Kernel Bug Tracker – Bug 15827
ext4_get_blocks may be called while ext4_truncate() is in progress
Last modified: 2010-07-06 07:15:00 UTC
Created attachment 26081 [details]
During truncate we may need to restart new transaction, to avoid deadlock on i_data_sem it was dropped
Author: Jan Kara <email@example.com>
Date: Mon Aug 17 22:17:20 2009 -0400
Jan given a good explanation why this approach would work, I have better explanation why this can't work work.
Yes we have blocked all writers beyond i_size, but writers(flush, page_mkwrite)
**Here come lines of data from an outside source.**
(* Let $n=5$, let $x_1<x_2<\cdots<x_5$ be fixed real numbers and $Y_i=\beta_0+\beta_1x_i+\varepsilon_i$ ($i=1,\dots,5$) with $\varepsilon_1,\dots,\varepsilon_5$ i.i.d. with a continuous distribution. Let $s_1<s_2<\cdots<s_{10}$ be the ten slopes $S_{ij}=(Y_i-Y_j)/(x_i-x_j)$, $i<j$, sorted increasingly, and let $w_1<w_2<\cdots<w_{55}$ be the $55$ Walsh averages $(s_i+s_j)/2$, $1\le i\le j\le 10$, sorted increasingly. Then: (a) $s_2\le w_9$ if and only if $2s_2\le s_1+s_9$; (b) $w_{47}\le s_9$ if and only if $s_2+s_{10}\le 2s_9$.
   Context: Ties among the slopes and among the Walsh averages occur with probability zero and are ignored, i.e. all slopes are assumed pairwise distinct and all Walsh averages pairwise distinct. *)

theory Defs
  imports Complex_Main
begin

definition slopes :: "(nat \<Rightarrow> real) \<Rightarrow> (nat \<Rightarrow> real) \<Rightarrow> real list" where
  "slopes x Y = [(Y i - Y j) / (x i - x j). i \<leftarrow> [1..<6], j \<leftarrow> [Suc i..<6]]"

definition sl :: "(nat \<Rightarrow> real) \<Rightarrow> (nat \<Rightarrow> real) \<Rightarrow> nat \<Rightarrow> real" where
  "sl x Y k = sort (slopes x Y) ! (k - 1)"

definition walsh :: "(nat \<Rightarrow> real) \<Rightarrow> (nat \<Rightarrow> real) \<Rightarrow> real list" where
  "walsh x Y = [(sl x Y i + sl x Y j) / 2. i \<leftarrow> [1..<11], j \<leftarrow> [i..<11]]"

definition wa :: "(nat \<Rightarrow> real) \<Rightarrow> (nat \<Rightarrow> real) \<Rightarrow> nat \<Rightarrow> real" where
  "wa x Y k = sort (walsh x Y) ! (k - 1)"

end

theory Submission
  imports Defs
begin

text \<open>Both s_2 = (s_2 + s_2)/2 and s_9 are themselves Walsh averages, so comparing them
  with w_k amounts to counting the Walsh averages below them. The only averages below s_2
  are the (s_1 + s_j)/2 with s_j < 2 s_2 - s_1, and there are at most 8 of them iff
  s_9 \<ge> 2 s_2 - s_1. The averages not exceeding s_9 are the 45 averages of s_1, ..., s_9
  together with the (s_i + s_10)/2 with s_i \<le> 2 s_9 - s_10, and there are at least 47 of
  them iff s_2 \<le> 2 s_9 - s_10.\<close>

definition walsh_averages :: "real list \<Rightarrow> real list" where
  "walsh_averages s = [(s ! i + s ! j) / 2. i \<leftarrow> [0..<length s], j \<leftarrow> [i..<length s]]"

lemma sorted_nth_iff_less_length_filter:
  fixes ys :: "'a::linorder list"
  assumes "sorted ys" "k < length ys" and down_closed: "\<And>a b. a \<le> b \<Longrightarrow> P b \<Longrightarrow> P a"
  shows "P (ys ! k) \<longleftrightarrow> k < length (filter P ys)"
proof
  assume "P (ys ! k)"
  then have "{..k} \<subseteq> {i. i < length ys \<and> P (ys ! i)}"
    using assms by (auto intro: down_closed sorted_nth_mono)
  then have "card {..k} \<le> card {i. i < length ys \<and> P (ys ! i)}"
    by (intro card_mono) auto
  then show "k < length (filter P ys)"
    by (simp add: length_filter_conv_card)
next
  assume "k < length (filter P ys)"
  show "P (ys ! k)"
  proof (rule ccontr)
    assume "\<not> P (ys ! k)"
    have "{i. i < length ys \<and> P (ys ! i)} \<subseteq> {..<k}"
    proof safe
      fix i assume "i < length ys" "P (ys ! i)"
      show "i < k"
      proof (rule ccontr)
        assume "\<not> i < k"
        then have "ys ! k \<le> ys ! i"
          using assms(1) \<open>i < length ys\<close> by (simp add: sorted_nth_mono)
        with \<open>P (ys ! i)\<close> \<open>\<not> P (ys ! k)\<close> show False
          using down_closed by blast
      qed
    qed
    then have "card {i. i < length ys \<and> P (ys ! i)} \<le> card {..<k}"
      by (intro card_mono) auto
    with \<open>k < length (filter P ys)\<close> show False
      by (simp add: length_filter_conv_card)
  qed
qed

lemma length_eq_10E:
  assumes "length s = 10"
  obtains a0 a1 a2 a3 a4 a5 a6 a7 a8 a9 where "s = [a0, a1, a2, a3, a4, a5, a6, a7, a8, a9]"
  using assms by (simp add: numeral_eq_Suc length_Suc_conv) blast

lemma walsh_count_below_second:
  fixes s :: "real list"
  assumes "sorted_wrt (<) s" "length s = 10"
  shows "length (filter (\<lambda>u. u < s ! 1) (walsh_averages s)) \<le> 8 \<longleftrightarrow> 2 * s ! 1 \<le> s ! 0 + s ! 8"
proof -
  obtain a0 a1 a2 a3 a4 a5 a6 a7 a8 a9 where "s = [a0, a1, a2, a3, a4, a5, a6, a7, a8, a9]"
    using assms(2) by (rule length_eq_10E)
  with assms(1) show ?thesis
    by (simp add: walsh_averages_def upt_rec field_simps)
qed

lemma walsh_count_atmost_ninth:
  fixes s :: "real list"
  assumes "sorted_wrt (<) s" "length s = 10"
  shows "46 < length (filter (\<lambda>u. u \<le> s ! 8) (walsh_averages s)) \<longleftrightarrow> s ! 1 + s ! 9 \<le> 2 * s ! 8"
proof -
  obtain a0 a1 a2 a3 a4 a5 a6 a7 a8 a9 where s: "s = [a0, a1, a2, a3, a4, a5, a6, a7, a8, a9]"
    using assms(2) by (rule length_eq_10E)
  define c where "c = 2 * a8 - a9"
  \<comment> \<open>the averages (a_i + a9)/2 not exceeding a8 are those with a_i \<le> c\<close>
  have "c < a0 \<or> (a0 \<le> c \<and> c < a1) \<or> (a1 \<le> c \<and> c < a2) \<or> (a2 \<le> c \<and> c < a3)
    \<or> (a3 \<le> c \<and> c < a4) \<or> (a4 \<le> c \<and> c < a5) \<or> (a5 \<le> c \<and> c < a6)
    \<or> (a6 \<le> c \<and> c < a7) \<or> a7 \<le> c"
    by linarith
  with assms(1) show ?thesis
    unfolding s c_def by (elim disjE) (simp_all add: walsh_averages_def upt_rec field_simps)
qed

lemma length_slopes: "length (slopes x Y) = 10"
  by (simp add: slopes_def upt_rec)

lemma walsh_eq_walsh_averages: "walsh x Y = walsh_averages (sort (slopes x Y))"
  by (simp add: walsh_def walsh_averages_def sl_def length_slopes upt_rec)

theorem theorem3:
  fixes x Y \<epsilon> :: "nat \<Rightarrow> real" and \<beta>0 \<beta>1 :: real
  assumes x_incr: "\<And>i j. 1 \<le> i \<Longrightarrow> i < j \<Longrightarrow> j \<le> 5 \<Longrightarrow> x i < x j"
    and model: "\<And>i. 1 \<le> i \<Longrightarrow> i \<le> 5 \<Longrightarrow> Y i = \<beta>0 + \<beta>1 * x i + \<epsilon> i"
    and slopes_distinct: "distinct (slopes x Y)"
    and walsh_distinct: "distinct (walsh x Y)"
  shows "(sl x Y 2 \<le> wa x Y 9 \<longleftrightarrow> 2 * sl x Y 2 \<le> sl x Y 1 + sl x Y 9)
       \<and> (wa x Y 47 \<le> sl x Y 9 \<longleftrightarrow> sl x Y 2 + sl x Y 10 \<le> 2 * sl x Y 9)"
proof -
  define s where "s = sort (slopes x Y)"
  define W where "W = sort (walsh_averages s)"
  have s: "sorted_wrt (<) s" "length s = 10"
    using slopes_distinct by (simp_all add: s_def strict_sorted_iff length_slopes)
  have W: "sorted W" "length W = 55"
    using s(2) by (simp_all add: W_def) (simp add: walsh_averages_def upt_rec)
  have count_W: "length (filter P W) = length (filter P (walsh_averages s))" for P
    by (simp add: W_def filter_sort)
  have "s ! 1 \<le> W ! 8 \<longleftrightarrow> length (filter (\<lambda>u. u < s ! 1) W) \<le> 8"
    using sorted_nth_iff_less_length_filter[of W 8 "\<lambda>u. u < s ! 1"] W by auto
  moreover have "W ! 46 \<le> s ! 8 \<longleftrightarrow> 46 < length (filter (\<lambda>u. u \<le> s ! 8) W)"
    using W by (intro sorted_nth_iff_less_length_filter) auto
  ultimately show ?thesis
    using walsh_count_below_second[OF s] walsh_count_atmost_ninth[OF s]
    by (simp add: sl_def wa_def walsh_eq_walsh_averages count_W flip: s_def W_def)
qed

end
before i_size still may change node blocks, so 'path' which was lookup by truncate is not longer valid. So we are in big big troubles.
I've add created inode's history tracer patch which spotted the issue.
Created attachment 26082 [details]
debug patch against ext4.git/next + patches from bug #15792
The debug patch is rather ugly, but still useful.
in given example both alloc and truncate tasks try to modify same path
So ext4_ext_rm_leaf goes crazy because leaf node was modified.
1) Truncate_task: Drop path collected if ext4_ext_truncate_extend_restart result in journal_restart, ant retry lookup.
2) Save current truncate path some where in inode, so get_block may check
about conflicts and to let truncate task to know that path is no longer valid.
If so truncate task must goes back to (1).
BTW IMHO it is also reasonable to replace simple
printk("strange request..") to something more scary
like EXT4_ERROR_INODE(inode, "strange request..")